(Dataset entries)
····················
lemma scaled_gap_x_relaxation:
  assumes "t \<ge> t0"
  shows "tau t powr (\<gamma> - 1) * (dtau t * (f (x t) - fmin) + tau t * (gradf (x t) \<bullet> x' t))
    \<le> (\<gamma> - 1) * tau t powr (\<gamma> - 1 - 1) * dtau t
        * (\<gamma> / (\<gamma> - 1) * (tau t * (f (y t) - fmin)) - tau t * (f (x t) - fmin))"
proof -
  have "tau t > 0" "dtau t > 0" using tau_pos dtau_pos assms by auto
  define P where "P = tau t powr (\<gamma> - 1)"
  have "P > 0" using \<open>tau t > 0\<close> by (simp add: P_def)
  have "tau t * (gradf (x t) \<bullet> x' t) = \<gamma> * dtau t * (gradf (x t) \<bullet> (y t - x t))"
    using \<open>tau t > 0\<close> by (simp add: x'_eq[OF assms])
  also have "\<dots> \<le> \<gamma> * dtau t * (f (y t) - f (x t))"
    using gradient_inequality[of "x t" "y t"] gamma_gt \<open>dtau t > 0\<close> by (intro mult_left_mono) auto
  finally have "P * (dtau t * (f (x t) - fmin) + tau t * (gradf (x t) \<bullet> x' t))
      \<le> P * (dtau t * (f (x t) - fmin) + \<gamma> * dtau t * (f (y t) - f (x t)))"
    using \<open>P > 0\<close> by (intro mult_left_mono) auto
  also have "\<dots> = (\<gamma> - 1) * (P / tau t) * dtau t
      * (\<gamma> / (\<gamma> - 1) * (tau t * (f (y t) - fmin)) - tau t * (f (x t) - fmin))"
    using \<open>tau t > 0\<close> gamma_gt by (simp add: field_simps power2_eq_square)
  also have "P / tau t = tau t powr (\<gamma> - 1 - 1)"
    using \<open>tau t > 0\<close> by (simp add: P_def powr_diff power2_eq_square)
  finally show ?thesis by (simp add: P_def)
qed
····················
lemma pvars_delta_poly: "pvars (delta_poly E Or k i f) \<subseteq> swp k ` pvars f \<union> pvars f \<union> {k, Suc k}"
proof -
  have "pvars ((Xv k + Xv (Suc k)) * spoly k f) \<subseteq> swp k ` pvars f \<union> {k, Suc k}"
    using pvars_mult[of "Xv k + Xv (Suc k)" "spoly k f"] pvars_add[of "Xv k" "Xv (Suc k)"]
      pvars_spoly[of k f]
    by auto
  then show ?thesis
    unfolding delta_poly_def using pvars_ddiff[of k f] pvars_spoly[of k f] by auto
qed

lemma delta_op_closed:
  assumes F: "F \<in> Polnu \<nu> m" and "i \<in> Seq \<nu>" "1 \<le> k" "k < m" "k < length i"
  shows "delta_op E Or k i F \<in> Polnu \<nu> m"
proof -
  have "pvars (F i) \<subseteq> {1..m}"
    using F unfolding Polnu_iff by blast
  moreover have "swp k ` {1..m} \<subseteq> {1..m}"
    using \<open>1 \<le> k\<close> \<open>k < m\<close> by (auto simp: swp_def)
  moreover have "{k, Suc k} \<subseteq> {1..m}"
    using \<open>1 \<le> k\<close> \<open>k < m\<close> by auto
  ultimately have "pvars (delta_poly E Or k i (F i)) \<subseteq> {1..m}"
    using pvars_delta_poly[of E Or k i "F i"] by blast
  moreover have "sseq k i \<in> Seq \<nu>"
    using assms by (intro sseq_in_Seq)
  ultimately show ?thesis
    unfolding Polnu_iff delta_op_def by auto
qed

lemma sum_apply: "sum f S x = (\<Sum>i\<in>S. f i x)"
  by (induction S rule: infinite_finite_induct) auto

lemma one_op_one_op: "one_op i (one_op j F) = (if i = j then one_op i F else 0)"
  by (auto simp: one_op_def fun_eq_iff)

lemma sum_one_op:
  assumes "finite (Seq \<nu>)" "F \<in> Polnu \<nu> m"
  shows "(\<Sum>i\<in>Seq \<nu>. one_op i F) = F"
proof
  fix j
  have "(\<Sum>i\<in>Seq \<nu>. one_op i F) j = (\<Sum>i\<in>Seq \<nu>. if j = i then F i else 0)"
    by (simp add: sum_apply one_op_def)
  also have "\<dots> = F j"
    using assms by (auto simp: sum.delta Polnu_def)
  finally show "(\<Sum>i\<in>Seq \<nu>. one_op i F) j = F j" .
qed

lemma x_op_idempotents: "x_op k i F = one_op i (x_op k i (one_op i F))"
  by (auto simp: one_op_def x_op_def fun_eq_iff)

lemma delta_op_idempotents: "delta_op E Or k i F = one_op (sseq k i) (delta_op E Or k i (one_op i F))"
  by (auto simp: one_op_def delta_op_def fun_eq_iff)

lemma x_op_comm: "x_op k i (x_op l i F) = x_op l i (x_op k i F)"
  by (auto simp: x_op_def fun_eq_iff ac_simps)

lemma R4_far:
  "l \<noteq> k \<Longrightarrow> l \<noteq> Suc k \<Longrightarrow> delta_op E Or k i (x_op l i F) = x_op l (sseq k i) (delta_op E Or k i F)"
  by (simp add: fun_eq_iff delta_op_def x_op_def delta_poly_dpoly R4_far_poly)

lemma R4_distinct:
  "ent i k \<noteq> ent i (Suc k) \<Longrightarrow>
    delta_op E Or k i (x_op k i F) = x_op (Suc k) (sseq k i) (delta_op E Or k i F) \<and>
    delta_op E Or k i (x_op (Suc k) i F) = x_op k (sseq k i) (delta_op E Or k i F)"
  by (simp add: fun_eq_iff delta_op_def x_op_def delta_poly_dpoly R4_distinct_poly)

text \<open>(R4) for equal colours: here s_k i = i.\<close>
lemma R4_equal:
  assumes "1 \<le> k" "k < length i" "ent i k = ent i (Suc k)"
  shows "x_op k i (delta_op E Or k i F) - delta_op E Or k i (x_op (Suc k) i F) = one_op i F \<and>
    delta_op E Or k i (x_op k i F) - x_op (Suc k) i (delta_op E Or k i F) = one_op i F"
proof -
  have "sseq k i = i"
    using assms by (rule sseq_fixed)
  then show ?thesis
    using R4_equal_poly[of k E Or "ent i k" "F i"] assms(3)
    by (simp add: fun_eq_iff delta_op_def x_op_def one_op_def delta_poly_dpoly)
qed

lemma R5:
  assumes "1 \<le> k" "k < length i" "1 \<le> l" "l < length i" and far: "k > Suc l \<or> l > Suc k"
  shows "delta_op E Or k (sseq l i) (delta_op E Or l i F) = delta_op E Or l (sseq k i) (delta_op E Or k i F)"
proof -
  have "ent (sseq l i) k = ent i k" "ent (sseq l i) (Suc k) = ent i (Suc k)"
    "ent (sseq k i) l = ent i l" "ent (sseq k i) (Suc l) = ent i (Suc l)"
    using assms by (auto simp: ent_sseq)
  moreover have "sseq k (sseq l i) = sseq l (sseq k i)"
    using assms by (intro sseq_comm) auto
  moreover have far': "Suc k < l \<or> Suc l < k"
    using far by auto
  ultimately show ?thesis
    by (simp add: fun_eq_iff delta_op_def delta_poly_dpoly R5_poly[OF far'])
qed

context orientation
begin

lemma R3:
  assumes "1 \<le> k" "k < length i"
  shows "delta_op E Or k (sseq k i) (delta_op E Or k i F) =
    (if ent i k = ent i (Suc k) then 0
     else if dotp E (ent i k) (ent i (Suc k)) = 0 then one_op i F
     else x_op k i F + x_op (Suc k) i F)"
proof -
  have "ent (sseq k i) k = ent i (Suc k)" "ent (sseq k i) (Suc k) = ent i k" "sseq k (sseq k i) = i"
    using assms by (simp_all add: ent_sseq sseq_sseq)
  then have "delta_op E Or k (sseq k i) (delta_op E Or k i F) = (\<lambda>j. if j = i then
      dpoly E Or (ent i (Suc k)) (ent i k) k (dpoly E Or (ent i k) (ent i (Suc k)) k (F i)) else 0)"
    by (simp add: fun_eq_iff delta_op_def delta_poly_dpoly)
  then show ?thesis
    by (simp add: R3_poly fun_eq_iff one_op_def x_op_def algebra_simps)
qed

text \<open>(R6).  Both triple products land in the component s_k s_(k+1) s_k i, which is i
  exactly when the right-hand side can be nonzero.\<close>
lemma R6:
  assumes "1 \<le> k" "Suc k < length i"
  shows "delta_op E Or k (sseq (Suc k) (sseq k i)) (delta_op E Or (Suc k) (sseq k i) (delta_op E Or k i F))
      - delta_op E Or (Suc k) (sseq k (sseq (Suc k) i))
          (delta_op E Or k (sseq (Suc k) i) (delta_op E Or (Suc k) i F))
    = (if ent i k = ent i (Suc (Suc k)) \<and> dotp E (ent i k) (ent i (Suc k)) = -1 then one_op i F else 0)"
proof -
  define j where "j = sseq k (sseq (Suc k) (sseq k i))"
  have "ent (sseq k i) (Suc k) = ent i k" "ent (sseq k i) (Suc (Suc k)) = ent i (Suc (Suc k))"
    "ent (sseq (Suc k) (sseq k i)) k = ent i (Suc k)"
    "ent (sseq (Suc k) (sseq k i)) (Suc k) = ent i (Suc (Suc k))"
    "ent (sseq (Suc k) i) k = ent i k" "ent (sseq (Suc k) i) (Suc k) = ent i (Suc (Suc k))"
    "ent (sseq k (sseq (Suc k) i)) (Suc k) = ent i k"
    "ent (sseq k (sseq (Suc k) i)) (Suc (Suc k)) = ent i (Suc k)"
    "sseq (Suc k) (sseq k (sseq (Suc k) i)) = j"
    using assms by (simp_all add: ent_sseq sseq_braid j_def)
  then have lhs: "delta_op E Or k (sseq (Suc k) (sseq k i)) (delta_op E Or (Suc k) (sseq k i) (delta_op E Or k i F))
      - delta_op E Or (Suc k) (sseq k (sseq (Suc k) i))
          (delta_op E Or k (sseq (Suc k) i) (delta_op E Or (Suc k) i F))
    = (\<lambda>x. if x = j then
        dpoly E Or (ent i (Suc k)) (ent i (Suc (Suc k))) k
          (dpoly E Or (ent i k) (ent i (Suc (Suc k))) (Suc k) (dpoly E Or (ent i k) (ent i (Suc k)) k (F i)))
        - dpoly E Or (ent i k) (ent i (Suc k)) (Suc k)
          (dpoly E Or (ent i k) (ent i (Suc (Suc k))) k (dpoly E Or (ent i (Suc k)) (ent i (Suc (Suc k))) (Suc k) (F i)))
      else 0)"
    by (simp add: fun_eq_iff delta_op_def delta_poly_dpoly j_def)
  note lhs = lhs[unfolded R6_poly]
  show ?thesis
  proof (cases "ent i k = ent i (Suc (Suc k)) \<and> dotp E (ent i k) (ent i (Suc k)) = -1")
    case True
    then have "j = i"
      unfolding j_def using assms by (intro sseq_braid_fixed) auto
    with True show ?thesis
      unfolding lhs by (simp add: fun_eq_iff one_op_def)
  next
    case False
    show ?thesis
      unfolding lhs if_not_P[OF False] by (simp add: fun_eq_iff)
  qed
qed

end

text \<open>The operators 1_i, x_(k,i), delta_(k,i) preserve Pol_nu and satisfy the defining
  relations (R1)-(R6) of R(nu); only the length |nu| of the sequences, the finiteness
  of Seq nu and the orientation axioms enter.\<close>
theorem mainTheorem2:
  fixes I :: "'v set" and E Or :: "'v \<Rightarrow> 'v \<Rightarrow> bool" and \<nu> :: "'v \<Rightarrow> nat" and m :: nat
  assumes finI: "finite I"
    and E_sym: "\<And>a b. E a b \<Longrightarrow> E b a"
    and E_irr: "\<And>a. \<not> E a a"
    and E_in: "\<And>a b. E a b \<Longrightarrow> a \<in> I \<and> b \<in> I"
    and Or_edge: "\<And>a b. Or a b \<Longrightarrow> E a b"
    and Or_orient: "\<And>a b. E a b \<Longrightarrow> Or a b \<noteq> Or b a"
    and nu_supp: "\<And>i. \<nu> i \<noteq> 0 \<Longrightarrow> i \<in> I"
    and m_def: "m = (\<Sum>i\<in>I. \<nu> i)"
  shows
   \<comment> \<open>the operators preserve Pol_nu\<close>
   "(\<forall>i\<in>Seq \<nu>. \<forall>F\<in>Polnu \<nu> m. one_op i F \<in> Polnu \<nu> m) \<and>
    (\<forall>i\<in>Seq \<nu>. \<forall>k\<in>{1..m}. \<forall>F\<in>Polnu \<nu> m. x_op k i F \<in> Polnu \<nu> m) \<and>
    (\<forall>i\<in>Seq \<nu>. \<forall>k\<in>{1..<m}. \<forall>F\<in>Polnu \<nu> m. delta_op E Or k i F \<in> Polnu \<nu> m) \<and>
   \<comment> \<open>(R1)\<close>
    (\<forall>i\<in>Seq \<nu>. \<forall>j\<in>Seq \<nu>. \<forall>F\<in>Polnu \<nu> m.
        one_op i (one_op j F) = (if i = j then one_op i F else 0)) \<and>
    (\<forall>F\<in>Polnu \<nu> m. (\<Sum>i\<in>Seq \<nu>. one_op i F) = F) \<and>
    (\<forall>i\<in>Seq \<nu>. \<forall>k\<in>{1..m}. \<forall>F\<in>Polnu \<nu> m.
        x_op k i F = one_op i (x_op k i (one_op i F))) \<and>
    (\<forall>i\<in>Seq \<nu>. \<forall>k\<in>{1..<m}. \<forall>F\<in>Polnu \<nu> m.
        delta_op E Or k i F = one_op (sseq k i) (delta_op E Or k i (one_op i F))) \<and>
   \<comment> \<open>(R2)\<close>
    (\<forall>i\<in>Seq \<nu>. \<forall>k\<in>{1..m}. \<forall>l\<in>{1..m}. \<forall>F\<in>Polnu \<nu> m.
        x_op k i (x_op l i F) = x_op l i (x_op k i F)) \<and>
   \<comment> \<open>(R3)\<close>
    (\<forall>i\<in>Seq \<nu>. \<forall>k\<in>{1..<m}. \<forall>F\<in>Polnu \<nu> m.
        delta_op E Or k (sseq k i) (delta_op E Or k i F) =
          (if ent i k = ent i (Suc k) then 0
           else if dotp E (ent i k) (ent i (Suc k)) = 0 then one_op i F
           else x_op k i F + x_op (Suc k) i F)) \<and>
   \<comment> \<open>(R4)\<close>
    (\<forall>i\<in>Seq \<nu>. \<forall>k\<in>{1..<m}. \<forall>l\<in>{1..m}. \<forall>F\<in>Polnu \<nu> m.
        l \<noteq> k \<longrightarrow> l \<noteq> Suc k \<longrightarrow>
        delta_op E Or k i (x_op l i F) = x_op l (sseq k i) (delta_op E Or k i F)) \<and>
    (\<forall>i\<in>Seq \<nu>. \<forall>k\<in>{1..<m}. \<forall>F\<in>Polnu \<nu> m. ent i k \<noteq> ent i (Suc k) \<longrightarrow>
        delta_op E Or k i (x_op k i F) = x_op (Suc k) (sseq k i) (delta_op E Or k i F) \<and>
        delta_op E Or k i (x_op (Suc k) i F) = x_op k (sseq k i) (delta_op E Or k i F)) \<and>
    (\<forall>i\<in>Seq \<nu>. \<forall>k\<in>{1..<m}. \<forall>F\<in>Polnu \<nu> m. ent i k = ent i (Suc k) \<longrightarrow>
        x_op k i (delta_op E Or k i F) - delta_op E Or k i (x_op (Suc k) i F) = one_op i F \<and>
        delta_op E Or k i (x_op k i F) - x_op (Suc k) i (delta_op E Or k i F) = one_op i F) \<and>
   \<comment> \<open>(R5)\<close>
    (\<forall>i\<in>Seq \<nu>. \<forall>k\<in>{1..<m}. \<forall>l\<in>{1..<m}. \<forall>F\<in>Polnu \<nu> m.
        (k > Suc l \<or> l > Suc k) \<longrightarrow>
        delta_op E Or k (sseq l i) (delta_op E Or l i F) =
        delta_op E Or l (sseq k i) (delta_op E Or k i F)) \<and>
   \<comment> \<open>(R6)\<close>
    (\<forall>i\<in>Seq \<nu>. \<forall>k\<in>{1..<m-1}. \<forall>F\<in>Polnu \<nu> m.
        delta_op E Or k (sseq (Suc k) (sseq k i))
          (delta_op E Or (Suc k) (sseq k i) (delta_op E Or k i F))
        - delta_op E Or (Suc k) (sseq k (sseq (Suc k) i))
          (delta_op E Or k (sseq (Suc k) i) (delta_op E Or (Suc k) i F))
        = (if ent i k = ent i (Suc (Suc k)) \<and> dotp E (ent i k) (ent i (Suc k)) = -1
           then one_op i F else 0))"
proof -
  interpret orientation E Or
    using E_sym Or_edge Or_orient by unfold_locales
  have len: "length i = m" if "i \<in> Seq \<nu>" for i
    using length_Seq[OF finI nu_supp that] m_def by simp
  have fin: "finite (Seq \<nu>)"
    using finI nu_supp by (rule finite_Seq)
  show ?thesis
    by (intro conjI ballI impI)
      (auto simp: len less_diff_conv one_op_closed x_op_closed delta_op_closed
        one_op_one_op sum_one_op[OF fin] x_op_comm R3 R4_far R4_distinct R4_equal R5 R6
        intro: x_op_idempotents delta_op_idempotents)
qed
····················
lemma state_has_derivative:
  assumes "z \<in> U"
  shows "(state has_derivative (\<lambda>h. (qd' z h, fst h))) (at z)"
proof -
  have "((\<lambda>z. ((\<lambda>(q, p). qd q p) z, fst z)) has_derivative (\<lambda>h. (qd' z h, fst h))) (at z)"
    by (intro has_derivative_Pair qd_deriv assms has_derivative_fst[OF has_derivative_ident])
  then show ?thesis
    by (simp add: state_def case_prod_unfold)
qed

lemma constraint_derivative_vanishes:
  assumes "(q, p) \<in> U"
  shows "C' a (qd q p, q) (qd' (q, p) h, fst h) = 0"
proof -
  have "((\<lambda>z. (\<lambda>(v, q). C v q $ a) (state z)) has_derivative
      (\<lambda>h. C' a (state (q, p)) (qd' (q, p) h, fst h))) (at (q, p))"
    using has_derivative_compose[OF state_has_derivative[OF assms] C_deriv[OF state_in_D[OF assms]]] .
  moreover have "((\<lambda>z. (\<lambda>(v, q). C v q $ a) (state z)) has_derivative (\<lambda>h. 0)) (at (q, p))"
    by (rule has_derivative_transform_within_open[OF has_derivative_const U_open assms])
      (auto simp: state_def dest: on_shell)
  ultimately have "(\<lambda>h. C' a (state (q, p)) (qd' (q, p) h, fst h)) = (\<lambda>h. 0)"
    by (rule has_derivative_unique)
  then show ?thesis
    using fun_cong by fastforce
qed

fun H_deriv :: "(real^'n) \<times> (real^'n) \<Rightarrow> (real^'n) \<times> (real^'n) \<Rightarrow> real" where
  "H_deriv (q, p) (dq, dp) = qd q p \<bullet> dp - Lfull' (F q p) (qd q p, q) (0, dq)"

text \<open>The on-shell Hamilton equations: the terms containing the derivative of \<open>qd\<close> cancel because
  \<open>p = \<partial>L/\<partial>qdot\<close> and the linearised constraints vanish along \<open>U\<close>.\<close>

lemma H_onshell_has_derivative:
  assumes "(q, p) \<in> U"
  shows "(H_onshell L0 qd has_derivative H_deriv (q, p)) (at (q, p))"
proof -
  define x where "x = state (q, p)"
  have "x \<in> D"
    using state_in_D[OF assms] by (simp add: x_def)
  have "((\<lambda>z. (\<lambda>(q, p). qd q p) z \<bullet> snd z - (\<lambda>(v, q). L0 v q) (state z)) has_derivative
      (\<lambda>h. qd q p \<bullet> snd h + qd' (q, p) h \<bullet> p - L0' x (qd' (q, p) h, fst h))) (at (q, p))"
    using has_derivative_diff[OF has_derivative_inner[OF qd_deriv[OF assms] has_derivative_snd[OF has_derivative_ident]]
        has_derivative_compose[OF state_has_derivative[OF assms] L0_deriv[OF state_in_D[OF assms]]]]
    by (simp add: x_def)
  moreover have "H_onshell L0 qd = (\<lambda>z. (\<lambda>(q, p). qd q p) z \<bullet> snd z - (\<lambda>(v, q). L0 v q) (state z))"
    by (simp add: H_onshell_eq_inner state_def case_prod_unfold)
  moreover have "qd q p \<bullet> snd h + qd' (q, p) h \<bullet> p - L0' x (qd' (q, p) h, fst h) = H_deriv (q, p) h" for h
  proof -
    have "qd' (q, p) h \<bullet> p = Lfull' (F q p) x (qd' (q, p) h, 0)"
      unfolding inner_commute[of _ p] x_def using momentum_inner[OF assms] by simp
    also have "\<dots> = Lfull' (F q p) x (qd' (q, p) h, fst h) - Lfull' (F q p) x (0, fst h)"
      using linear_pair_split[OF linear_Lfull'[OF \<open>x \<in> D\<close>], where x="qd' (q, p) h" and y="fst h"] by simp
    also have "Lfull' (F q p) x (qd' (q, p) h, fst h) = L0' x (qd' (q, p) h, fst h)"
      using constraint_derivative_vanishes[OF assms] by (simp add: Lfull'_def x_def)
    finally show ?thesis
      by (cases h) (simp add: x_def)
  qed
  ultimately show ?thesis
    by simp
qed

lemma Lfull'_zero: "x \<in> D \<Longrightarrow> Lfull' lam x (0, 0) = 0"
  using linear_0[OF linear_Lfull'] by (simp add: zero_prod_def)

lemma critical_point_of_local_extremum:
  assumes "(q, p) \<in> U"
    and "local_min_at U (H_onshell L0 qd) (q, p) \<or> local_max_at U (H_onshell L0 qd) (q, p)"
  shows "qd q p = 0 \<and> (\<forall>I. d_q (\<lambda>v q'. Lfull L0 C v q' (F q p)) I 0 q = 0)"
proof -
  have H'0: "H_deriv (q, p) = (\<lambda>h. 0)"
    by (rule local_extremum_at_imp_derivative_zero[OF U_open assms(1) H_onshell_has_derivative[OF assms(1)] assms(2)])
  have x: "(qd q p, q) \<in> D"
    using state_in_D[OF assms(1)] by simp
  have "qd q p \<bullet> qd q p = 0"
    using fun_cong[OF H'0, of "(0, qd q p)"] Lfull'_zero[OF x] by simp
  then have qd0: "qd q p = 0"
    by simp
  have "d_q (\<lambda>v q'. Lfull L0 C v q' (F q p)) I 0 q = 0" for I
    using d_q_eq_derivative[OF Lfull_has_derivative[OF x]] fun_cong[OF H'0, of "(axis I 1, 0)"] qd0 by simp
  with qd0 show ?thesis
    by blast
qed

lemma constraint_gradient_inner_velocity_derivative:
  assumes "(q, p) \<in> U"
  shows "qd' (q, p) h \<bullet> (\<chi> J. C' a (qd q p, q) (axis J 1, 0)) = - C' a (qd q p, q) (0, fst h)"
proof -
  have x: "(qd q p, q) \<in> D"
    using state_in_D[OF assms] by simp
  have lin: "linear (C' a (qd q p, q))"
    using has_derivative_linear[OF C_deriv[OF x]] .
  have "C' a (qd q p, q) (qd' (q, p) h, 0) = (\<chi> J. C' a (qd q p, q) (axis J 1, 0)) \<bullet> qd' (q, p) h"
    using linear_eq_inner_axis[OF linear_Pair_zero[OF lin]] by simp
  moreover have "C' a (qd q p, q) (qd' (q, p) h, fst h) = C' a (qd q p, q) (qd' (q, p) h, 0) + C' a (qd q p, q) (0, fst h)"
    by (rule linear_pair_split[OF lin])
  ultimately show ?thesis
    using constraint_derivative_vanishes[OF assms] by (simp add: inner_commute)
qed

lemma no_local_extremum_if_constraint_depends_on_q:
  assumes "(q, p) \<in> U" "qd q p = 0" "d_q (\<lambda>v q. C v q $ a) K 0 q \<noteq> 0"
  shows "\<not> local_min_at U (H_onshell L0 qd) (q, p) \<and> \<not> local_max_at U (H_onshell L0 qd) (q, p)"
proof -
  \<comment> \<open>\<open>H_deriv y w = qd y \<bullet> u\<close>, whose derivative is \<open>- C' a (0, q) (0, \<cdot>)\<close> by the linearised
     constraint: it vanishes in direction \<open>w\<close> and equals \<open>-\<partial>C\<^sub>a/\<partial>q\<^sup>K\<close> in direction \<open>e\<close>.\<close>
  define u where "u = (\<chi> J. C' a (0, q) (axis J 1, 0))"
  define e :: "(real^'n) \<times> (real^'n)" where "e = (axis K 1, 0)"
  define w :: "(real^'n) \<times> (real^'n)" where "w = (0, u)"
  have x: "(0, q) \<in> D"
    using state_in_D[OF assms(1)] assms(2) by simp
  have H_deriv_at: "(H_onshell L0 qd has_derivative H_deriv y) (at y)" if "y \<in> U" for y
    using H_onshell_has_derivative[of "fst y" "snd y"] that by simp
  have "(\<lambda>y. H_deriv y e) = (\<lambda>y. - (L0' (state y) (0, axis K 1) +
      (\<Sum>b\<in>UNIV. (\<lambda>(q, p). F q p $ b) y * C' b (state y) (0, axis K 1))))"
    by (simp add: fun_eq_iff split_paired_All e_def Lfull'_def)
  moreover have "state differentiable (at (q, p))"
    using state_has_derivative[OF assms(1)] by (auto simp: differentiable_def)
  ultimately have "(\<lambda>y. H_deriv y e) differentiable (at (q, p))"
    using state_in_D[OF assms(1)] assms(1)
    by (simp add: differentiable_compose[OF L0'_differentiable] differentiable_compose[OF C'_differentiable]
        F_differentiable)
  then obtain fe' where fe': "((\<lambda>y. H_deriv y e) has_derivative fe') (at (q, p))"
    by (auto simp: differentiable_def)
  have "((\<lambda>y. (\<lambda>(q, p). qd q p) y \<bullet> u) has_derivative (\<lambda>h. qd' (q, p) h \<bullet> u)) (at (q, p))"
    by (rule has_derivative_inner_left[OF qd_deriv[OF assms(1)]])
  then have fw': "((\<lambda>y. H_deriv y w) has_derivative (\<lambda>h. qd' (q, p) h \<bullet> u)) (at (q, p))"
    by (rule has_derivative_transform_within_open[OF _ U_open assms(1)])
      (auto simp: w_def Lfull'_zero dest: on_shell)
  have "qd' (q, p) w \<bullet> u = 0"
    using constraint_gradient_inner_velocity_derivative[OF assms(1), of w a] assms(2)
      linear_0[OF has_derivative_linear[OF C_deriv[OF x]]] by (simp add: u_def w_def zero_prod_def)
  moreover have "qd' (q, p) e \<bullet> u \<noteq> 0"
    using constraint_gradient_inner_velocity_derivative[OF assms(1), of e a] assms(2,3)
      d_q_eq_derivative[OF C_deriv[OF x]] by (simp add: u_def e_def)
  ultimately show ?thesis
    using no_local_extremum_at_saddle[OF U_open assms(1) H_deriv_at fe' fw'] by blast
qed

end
····················
### Your task:
Once you find the string "False" in a line of the records, copy that line.

### Written solution:
    case False
      unfolding lhs if_not_P[OF False] by (simp add: fun_eq_iff)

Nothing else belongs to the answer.